The 3DTV screen manufactured by the Philips company comprises lenses in front of the television panel. The system exploits 9 views, 4 views to the right and 4 views to the left and a central view in 2D. It uses "2D + z" format, that is, a standard 2D video stream that transports a conventional 2D video plus auxiliary data corresponding to a z-depth map, standardized by the MPEG-C part 3 standard.
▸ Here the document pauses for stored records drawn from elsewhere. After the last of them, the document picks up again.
text \<open>Gram--Schmidt: the residual \<open>u = v - q\<close> of the new vector is orthogonal to \<open>S\<close>, so
  correcting by a multiple of \<open>u\<close> restores orthogonality to \<open>v\<close>. If \<open>u\<close> is null the
  coefficient is \<open>0\<close> (division by zero) and \<open>u\<close> is orthogonal to everything anyway.\<close>
lemma tinner_orthogonal_approximation_exists:
  assumes "finite S"
  shows "\<exists>p\<in>span S. \<forall>s\<in>S. tinner l (x - p) s = 0"
  using assms
proof (induct S arbitrary: x rule: finite_induct)
  case empty thus ?case by (auto intro: span_zero)
next
  case (insert v S x)
  obtain p' where p': "p' \<in> span S" "\<forall>s\<in>S. tinner l (x - p') s = 0"
    using insert(3) by blast
  obtain q where q: "q \<in> span S" "\<forall>s\<in>S. tinner l (v - q) s = 0"
    using insert(3) by blast
  define u where "u = v - q"
  define c where "c = tinner l (x - p') u / tinner l u u"
  define p where "p = p' + c *\<^sub>R u"
  have span_S: "span S \<subseteq> span (insert v S)" by (rule span_mono) auto
  have "u \<in> span (insert v S)"
    unfolding u_def using q(1) span_S by (auto intro: span_diff span_base)
  hence "p \<in> span (insert v S)"
    unfolding p_def using p'(1) span_S by (auto intro: span_add span_scale)
  have xp: "x - p = (x - p') - c *\<^sub>R u" by (simp add: p_def)
  have S: "\<forall>s\<in>S. tinner l (x - p) s = 0"
    using p'(2) q(2) by (simp add: xp u_def tinner_diff_left tinner_scaleR_left)
  have "tinner l (x - p) u = 0"
    by (cases "tinner l u u = 0")
      (simp_all add: tinner_eq_0_if_self_eq_0 xp tinner_diff_left tinner_scaleR_left c_def)
  moreover have "tinner l (x - p) q = 0" using tinner_span_eq_0[OF S q(1)] .
  ultimately have "tinner l (x - p) v = 0"
    using tinner_add_right[of l "x - p" "v - q" q] by (simp add: u_def)
  with S \<open>p \<in> span (insert v S)\<close> show ?case by blast
qed

lemma subspace_tspace: "subspace (tspace l)"
  by (simp add: subspace_def tspace_def)

lemma tproj_span:
  assumes "finite S" "S \<subseteq> tspace l"
  shows "tproj l (span S) x \<in> span S"
    and "y \<in> span S \<Longrightarrow> tinner l x y = tinner l (tproj l (span S) x) y"
proof -
  obtain p where p: "p \<in> span S" "\<forall>s\<in>S. tinner l (x - p) s = 0"
    using tinner_orthogonal_approximation_exists[OF assms(1)] by blast
  have orth: "\<forall>w\<in>span S. tinner l (\<lambda>i. x i - p i) w = 0"
    using tinner_span_eq_0[OF p(2)] by (simp add: fun_diff_def)
  have "q = p" if "q \<in> span S" "\<forall>w\<in>span S. tinner l (\<lambda>i. x i - q i) w = 0" for q
  proof -
    have "q - p \<in> span S" using that(1) p(1) by (rule span_diff)
    hence "tinner l (q - p) (q - p) = 0"
      using orth that(2) tinner_diff_left[of l "x - p" "x - q" "q - p"]
      by (simp add: fun_diff_def)
    moreover have "q \<in> tspace l" "p \<in> tspace l"
      using that(1) p(1) span_minimal[OF assms(2) subspace_tspace] by auto
    ultimately have "\<forall>i. q i = p i"
      unfolding tinner_self_eq_0_iff tspace_def by (auto simp: fun_diff_def) (metis not_le)
    thus "q = p" by blast
  qed
  hence "tproj l (span S) x = p"
    unfolding tproj_def using p(1) orth by (intro the_equality) blast+
  thus "tproj l (span S) x \<in> span S"
    and "y \<in> span S \<Longrightarrow> tinner l x y = tinner l (tproj l (span S) x) y"
    using p(1) tinner_span_eq_0[OF p(2)] by (auto simp: tinner_diff_left)
qed

lemma proj_subspace:
  fixes V :: "(complex^'n) set"
  assumes "subspace V"
  shows "proj V h \<in> V" and "w \<in> V \<Longrightarrow> inner h w = inner (proj V h) w"
proof -
  obtain y z where "y \<in> span V" "\<And>w. w \<in> span V \<Longrightarrow> orthogonal z w" "h = y + z"
    using orthogonal_subspace_decomp_exists[of V h] by metis
  moreover have "span V = V" using assms by (simp add: span_eq_iff)
  ultimately have yz: "y \<in> V" "\<And>w. w \<in> V \<Longrightarrow> orthogonal z w" "h = y + z"
    by auto
  have orth: "\<forall>w\<in>V. inner (h - y) w = 0"
    using yz(2,3) by (simp add: orthogonal_def)
  have "q = y" if "q \<in> V" "\<forall>w\<in>V. inner (h - q) w = 0" for q
  proof -
    have "q - y \<in> V" using that(1) yz(1) assms by (simp add: subspace_diff)
    moreover have "inner (q - y) (q - y) = inner (h - y) (q - y) - inner (h - q) (q - y)"
      by (simp add: inner_diff_left)
    ultimately have "inner (q - y) (q - y) = 0"
      using orth that(2) by simp
    thus "q = y" by simp
  qed
  hence "proj V h = y"
    unfolding proj_def using yz(1) orth by (intro the_equality) blast+
  thus "proj V h \<in> V" and "w \<in> V \<Longrightarrow> inner h w = inner (proj V h) w"
    using yz(1) orth by (simp_all add: inner_diff_left)
qed

lemma inner_proj_self:
  fixes V :: "(complex^'n) set"
  assumes "subspace V"
  shows "inner h (proj V h) = (norm (proj V h))\<^sup>2"
  unfolding power2_norm_eq_inner using proj_subspace[OF assms] by blast

lemma emb_apply_0 [simp]: "emb a 0 = a"
  by (simp add: emb_def)

lemma tinner_emb_left: "tinner l (emb a) z = inner a (z 0)"
proof -
  have "tinner l (emb a) z = (\<Sum>i\<le>l. if i = 0 then inner a (z 0) else 0)"
    unfolding tinner_def emb_def by (rule sum.cong) auto
  thus ?thesis by simp
qed

lemma tinner_self_split: "tinner l x x = (norm (x 0))\<^sup>2 + (\<Sum>i\<in>{1..l}. (norm (x i))\<^sup>2)"
proof -
  have "{..l} = insert 0 {1..l}" by auto
  thus ?thesis by (simp add: tinner_self)
qed

lemma Tja_apply_0: "j \<noteq> 0 \<Longrightarrow> Tja U j \<alpha> x 0 = sqrt (1 - \<alpha>) *\<^sub>R x"
  by (simp add: Tja_def emb_def Tj_def)

lemma Tja_apply: "i \<noteq> 0 \<Longrightarrow> Tja U j \<alpha> x i = (if i = j then sqrt \<alpha> *\<^sub>R U j x else 0)"
  by (simp add: Tja_def emb_def Tj_def)

lemma linear_emb: "linear emb"
  by (intro linearI) (auto simp: fun_eq_iff emb_def)

lemma linear_Tja: "linear (U j) \<Longrightarrow> linear (Tja U j \<alpha>)"
  by (intro linearI)
    (auto simp: fun_eq_iff Tja_def emb_def Tj_def linear_add linear_scale algebra_simps)

lemma tinner_Tja_self:
  assumes "j \<in> {1..l}" "norm (U j x) = norm x" "0 \<le> \<alpha>" "\<alpha> \<le> 1"
  shows "tinner l (Tja U j \<alpha> x) (Tja U j \<alpha> x) = (norm x)\<^sup>2"
proof -
  have "(\<Sum>i\<in>{1..l}. (norm (Tja U j \<alpha> x i))\<^sup>2) = (\<Sum>i\<in>{1..l}. if i = j then \<alpha> * (norm x)\<^sup>2 else 0)"
    using assms by (intro sum.cong) (auto simp: Tja_apply power_mult_distrib)
  thus ?thesis
    using assms by (simp add: tinner_self_split Tja_apply_0 power_mult_distrib algebra_simps)
qed

definition tilted_sum ::
  "(nat \<Rightarrow> complex^'n \<Rightarrow> complex^'n) \<Rightarrow> nat \<Rightarrow> real \<Rightarrow> (nat \<Rightarrow> complex^'n) \<Rightarrow> (nat \<Rightarrow> complex^'n)"
  where "tilted_sum U l \<alpha> w = (\<Sum>j\<in>{1..l}. Tja U j \<alpha> (w j)) + emb (w 0)"

lemma tilted_sum_apply_0:
  "tilted_sum U l \<alpha> w 0 = sqrt (1 - \<alpha>) *\<^sub>R (\<Sum>j\<in>{1..l}. w j) + w 0"
  by (simp add: tilted_sum_def sum_fun_apply Tja_apply_0 emb_def scaleR_sum_right)

lemma tilted_sum_apply:
  "i \<in> {1..l} \<Longrightarrow> tilted_sum U l \<alpha> w i = sqrt \<alpha> *\<^sub>R U i (w i)"
  by (simp add: tilted_sum_def sum_fun_apply Tja_apply emb_def)

lemma tinner_tilted_sum_self:
  assumes "\<forall>j\<in>{1..l}. \<forall>x. norm (U j x) = norm x" "0 \<le> \<alpha>"
  shows "tinner l (tilted_sum U l \<alpha> w) (tilted_sum U l \<alpha> w)
           = (norm (tilted_sum U l \<alpha> w 0))\<^sup>2 + \<alpha> * (\<Sum>j\<in>{1..l}. (norm (w j))\<^sup>2)"
  using assms by (simp add: tinner_self_split tilted_sum_apply power_mult_distrib sum_distrib_left)

lemma tsum_tilted_span_eq:
  "tsum (tilted_span U l \<alpha> W) (emb ` W 0) = tilted_sum U l \<alpha> ` {w. \<forall>j\<le>l. w j \<in> W j}"
proof safe
  fix x assume "x \<in> tsum (tilted_span U l \<alpha> W) (emb ` W 0)"
  then obtain w w0 where w: "\<forall>j\<in>{1..l}. w j \<in> W j" "w0 \<in> W 0"
    and x: "x = (\<lambda>i. (\<Sum>j\<in>{1..l}. Tja U j \<alpha> (w j) i) + emb w0 i)"
    unfolding tsum_def tilted_span_def by blast
  have "x = tilted_sum U l \<alpha> (w(0 := w0))"
    by (simp add: x tilted_sum_def sum_fun_apply plus_fun_def)
  moreover have "\<forall>j\<le>l. (w(0 := w0)) j \<in> W j"
    using w by (auto simp: Suc_le_eq)
  ultimately show "x \<in> tilted_sum U l \<alpha> ` {w. \<forall>j\<le>l. w j \<in> W j}" by blast
next
  fix w assume "\<forall>j\<le>l. w j \<in> W j"
  hence "(\<lambda>i. \<Sum>j\<in>{1..l}. Tja U j \<alpha> (w j) i) \<in> tilted_span U l \<alpha> W" "emb (w 0) \<in> emb ` W 0"
    unfolding tilted_span_def by auto
  moreover have "tilted_sum U l \<alpha> w = (\<lambda>i. (\<Sum>j\<in>{1..l}. Tja U j \<alpha> (w j) i) + emb (w 0) i)"
    by (simp add: tilted_sum_def sum_fun_apply plus_fun_def)
  ultimately show "tilted_sum U l \<alpha> w \<in> tsum (tilted_span U l \<alpha> W) (emb ` W 0)"
    unfolding tsum_def
    by (intro CollectI exI[of _ "\<lambda>i. \<Sum>j\<in>{1..l}. Tja U j \<alpha> (w j) i"] exI[of _ "emb (w 0)"]) simp
qed

lemma linear_tilted_sum:
  assumes "\<forall>j\<in>{1..l}. linear (U j)"
  shows "linear (tilted_sum U l \<alpha>)"
proof (rule linearI)
  fix v w and c :: real
  show "tilted_sum U l \<alpha> (v + w) = tilted_sum U l \<alpha> v + tilted_sum U l \<alpha> w"
    using assms
    by (simp add: tilted_sum_def linear_add[OF linear_Tja] linear_add[OF linear_emb] sum.distrib)
  show "tilted_sum U l \<alpha> (c *\<^sub>R w) = c *\<^sub>R tilted_sum U l \<alpha> w"
    using assms
    by (simp add: tilted_sum_def linear_scale[OF linear_Tja] linear_scale[OF linear_emb]
        scaleR_sum_right scaleR_add_right)
qed

lemma Tja_eq_tilted_sum:
  assumes "\<forall>k\<in>{1..l}. linear (U k)" "j \<in> {1..l}"
  shows "Tja U j \<alpha> b = tilted_sum U l \<alpha> (0(j := b))"
proof -
  have "(\<Sum>k\<in>{1..l}. Tja U k \<alpha> ((0(j := b)) k)) = (\<Sum>k\<in>{1..l}. if k = j then Tja U j \<alpha> b else 0)"
    using assms(1) by (intro sum.cong) (auto simp: linear_0[OF linear_Tja])
  thus ?thesis
    using assms(2) by (simp add: tilted_sum_def linear_0[OF linear_emb])
qed

lemma emb_eq_tilted_sum:
  assumes "\<forall>k\<in>{1..l}. linear (U k)"
  shows "emb b = tilted_sum U l \<alpha> (0(0 := b))"
  using assms by (simp add: tilted_sum_def linear_0[OF linear_Tja])
(* Let $0<q<\infty$ and $\frac{q}{q+1}<p<\infty$, and let $r=\frac{pq}{pq+p-q}$. Then $$\frac{p\sin_{p,q}x}{x}+\frac{r\operatorname{tam}_{p,q}x}{x}>p+r \quad \text{for all } x\in\left(0,\tfrac{\pi_{p,q}}{2}\right),$$ and $$\frac{p\sinh_{p,q}x}{x}+\frac{r\operatorname{tamh}_{p,q}x}{x}>p+r \quad \text{for all } x\in\left(0,\tfrac{\pi_{r,q}}{2}\right).$$
   Context: For $0<q<\infty$ and $\frac{q}{q+1}<p<\infty$: let $F_{p,q}(y)=\int_0^y (1-t^q)^{-1/p}\,dt$ for $y\in[0,1)$ and $\pi_{p,q}=2\int_0^1(1-t^q)^{-1/p}\,dt\in(0,\infty]$ (it equals $\infty$ when $p\le 1$). The function $\sin_{p,q}:[0,\pi_{p,q}/2)\to[0,1)$ is the inverse of $F_{p,q}$, $\cos_{p,q}x=\frac{d}{dx}\sin_{p,q}x$, and $\operatorname{tam}_{p,q}x=\sin_{p,q}x/\cos_{p,q}^{p/q}x$. Let $G_{p,q}(y)=\int_0^y(1+t^q)^{-1/p}\,dt$ for $y\in[0,\infty)$; its range is $[0,\pi_{r,q}/2)$ with $r=\frac{pq}{pq+p-q}$ (which also satisfies $\frac{q}{q+1}<r<\infty$). The function $\sinh_{p,q}:[0,\pi_{r,q}/2)\to[0,\infty)$ is the inverse of $G_{p,q}$, $\cosh_{p,q}x=\frac{d}{dx}\sinh_{p,q}x$, and $\operatorname{tamh}_{p,q}x=\sinh_{p,q}x/\cosh_{p,q}^{p/q}x$. *)

theory Defs
  imports "HOL-Analysis.Analysis"
begin

definition F_pq :: "real \<Rightarrow> real \<Rightarrow> real \<Rightarrow> real" where
  "F_pq p q y = integral {0..y} (\<lambda>t. (1 - t powr q) powr (-1/p))"

text \<open>pi_{p,q} as an extended nonnegative real; it is infinite when the improper integral diverges.\<close>
definition pi_pq :: "real \<Rightarrow> real \<Rightarrow> ennreal" where
  "pi_pq p q = 2 * (\<integral>\<^sup>+ t. indicator {0..<1} t * ennreal ((1 - t powr q) powr (-1/p)) \<partial>lborel)"

definition sin_pq :: "real \<Rightarrow> real \<Rightarrow> real \<Rightarrow> real" where
  "sin_pq p q x = (THE y. 0 \<le> y \<and> y < 1 \<and> F_pq p q y = x)"

definition cos_pq :: "real \<Rightarrow> real \<Rightarrow> real \<Rightarrow> real" where
  "cos_pq p q x = deriv (sin_pq p q) x"

definition tam_pq :: "real \<Rightarrow> real \<Rightarrow> real \<Rightarrow> real" where
  "tam_pq p q x = sin_pq p q x / (cos_pq p q x) powr (p/q)"

definition G_pq :: "real \<Rightarrow> real \<Rightarrow> real \<Rightarrow> real" where
  "G_pq p q y = integral {0..y} (\<lambda>t. (1 + t powr q) powr (-1/p))"

definition sinh_pq :: "real \<Rightarrow> real \<Rightarrow> real \<Rightarrow> real" where
  "sinh_pq p q x = (THE y. 0 \<le> y \<and> G_pq p q y = x)"

definition cosh_pq :: "real \<Rightarrow> real \<Rightarrow> real \<Rightarrow> real" where
  "cosh_pq p q x = deriv (sinh_pq p q) x"

definition tamh_pq :: "real \<Rightarrow> real \<Rightarrow> real \<Rightarrow> real" where
  "tamh_pq p q x = sinh_pq p q x / (cosh_pq p q x) powr (p/q)"

end

theory Submission
  imports Defs
begin

(* Put y = sin_{p,q} x, so x = F_{p,q} y, cos_{p,q} x = (1 - y^q)^(1/p) and
   tam_{p,q} x = y (1 - y^q)^(-1/q).  The claim becomes
     (p + r) F_{p,q} y < p y + r y (1 - y^q)^(-1/q),
   where both sides vanish at y = 0, so it suffices to compare derivatives:
     (p + r) u^(-1/p) < p + r u^(-1/q - 1)   for u = 1 - y^q,
   which is the strict weighted AM-GM inequality with weights p, r, because
   1/r = 1 + 1/q - 1/p.  The hyperbolic case is identical with u = 1 + t^q.
   Its range condition is handled by the substitution s = t (1 + t^q)^(-1/q),
   which maps G_{p,q} onto F_{r,q}. *)

lemma pqr_exponents:
  fixes p q r :: real
  assumes q: "0 < q" and p: "q / (q + 1) < p" and r: "r = p * q / (p * q + p - q)"
  shows "0 < p" "0 < r" "1 / r = 1 + 1 / q - 1 / p"
proof -
  have pq: "q < p * (q + 1)" using p q by (simp add: field_simps)
  have "0 < p * (q + 1)" using pq q by linarith
  then show p0: "0 < p" using q by (simp add: zero_less_mult_iff)
  have den: "0 < p * q + p - q" using pq by (simp add: algebra_simps)
  show "0 < r" using r den p0 q by simp
  have "1 / r = (p * q + p - q) / (p * q)" using r by simp
  then show "1 / r = 1 + 1 / q - 1 / p" using p0 q by (simp add: field_simps)
qed

lemma powr_less_tangent_line:
  fixes v w :: real
  assumes w: "0 < w" "w < 1" and v: "0 < v" "v \<noteq> 1"
  shows "v powr w < 1 + w * (v - 1)"
proof -
  define \<phi> where "\<phi> = (\<lambda>z::real. 1 + w * (z - 1) - z powr w)"
  have \<phi>_deriv: "(\<phi> has_real_derivative w * (1 - z powr (w - 1))) (at z)" if "0 < z" for z
    unfolding \<phi>_def using that
    by (auto intro!: derivative_eq_intros simp: algebra_simps)
  have \<phi>_cont: "continuous_on {a..b} \<phi>" if "0 < a" for a b
    unfolding \<phi>_def using that by (auto intro!: continuous_intros)
  consider "1 < v" | "v < 1" using v by linarith
  then have "\<phi> 1 < \<phi> v"
  proof cases
    case 1
    show ?thesis
    proof (rule DERIV_pos_imp_increasing_open[OF 1 _ \<phi>_cont])
      fix z assume "1 < z" "z < v"
      then have "z powr (w - 1) < 1" using w by (intro powr_less_one) auto
      then show "\<exists>d. (\<phi> has_real_derivative d) (at z) \<and> 0 < d"
        using \<phi>_deriv[of z] \<open>1 < z\<close> w by auto
    qed simp
  next
    case 2
    show ?thesis
    proof (rule DERIV_neg_imp_decreasing_open[OF 2 _ \<phi>_cont])
      fix z assume z: "v < z" "z < 1"
      then have "z powr (1 - w) < 1" using v w by (simp add: powr01_less_one)
      moreover have "z powr (w - 1) = inverse (z powr (1 - w))" by (simp add: powr_minus[symmetric])
      ultimately have "1 < z powr (w - 1)" using z v by (simp add: one_less_inverse)
      then show "\<exists>d. (\<phi> has_real_derivative d) (at z) \<and> d < 0"
        using \<phi>_deriv[of z] z v w by (auto simp: mult_pos_neg)
    qed (use v in auto)
  qed
  then show ?thesis by (simp add: \<phi>_def)
qed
The 2D image is It synthesizes like this using the depth map to provide the right and left images to be displayed on the screen.

This format is compatible with the current normal in relation to 2D images but is insufficient to provide quality 3D images, in particular, if the number of exploded views is high. For example, the available data do not yet allow the occlusions to be processed correctly, generating artifacts. A solution called LDV (Depth Video by Strata) consists of representing a scene by successive shots. Then, in addition to "2D + z", content data are transmitted in relation to these occlusions which are occlusion layers made up of a color map that define the value of occluded pixels and a depth map for these occluded pixels. To transmit this data, Philips uses the following format: the image, for example HD (High Definition), is divided into four sub-images, the first sub-image is the central image in 2D, the second is the depth map, the. third is the occlusion in relation to the pixel values and the last one is the depth in relation to the map of occlusions.

It should also be mentioned that the current solutions lead to a loss in spatial resolution, on account of the complementary information to be transmitted for the 3D display. For example, for a panel of high definition, 1080 lines of 1920 pixels, each of the views between the 8 or 9 views will have a loss of spatial resolution of a factor of 8 or 9, using the transmission speed and remaining constant number of pixels of television.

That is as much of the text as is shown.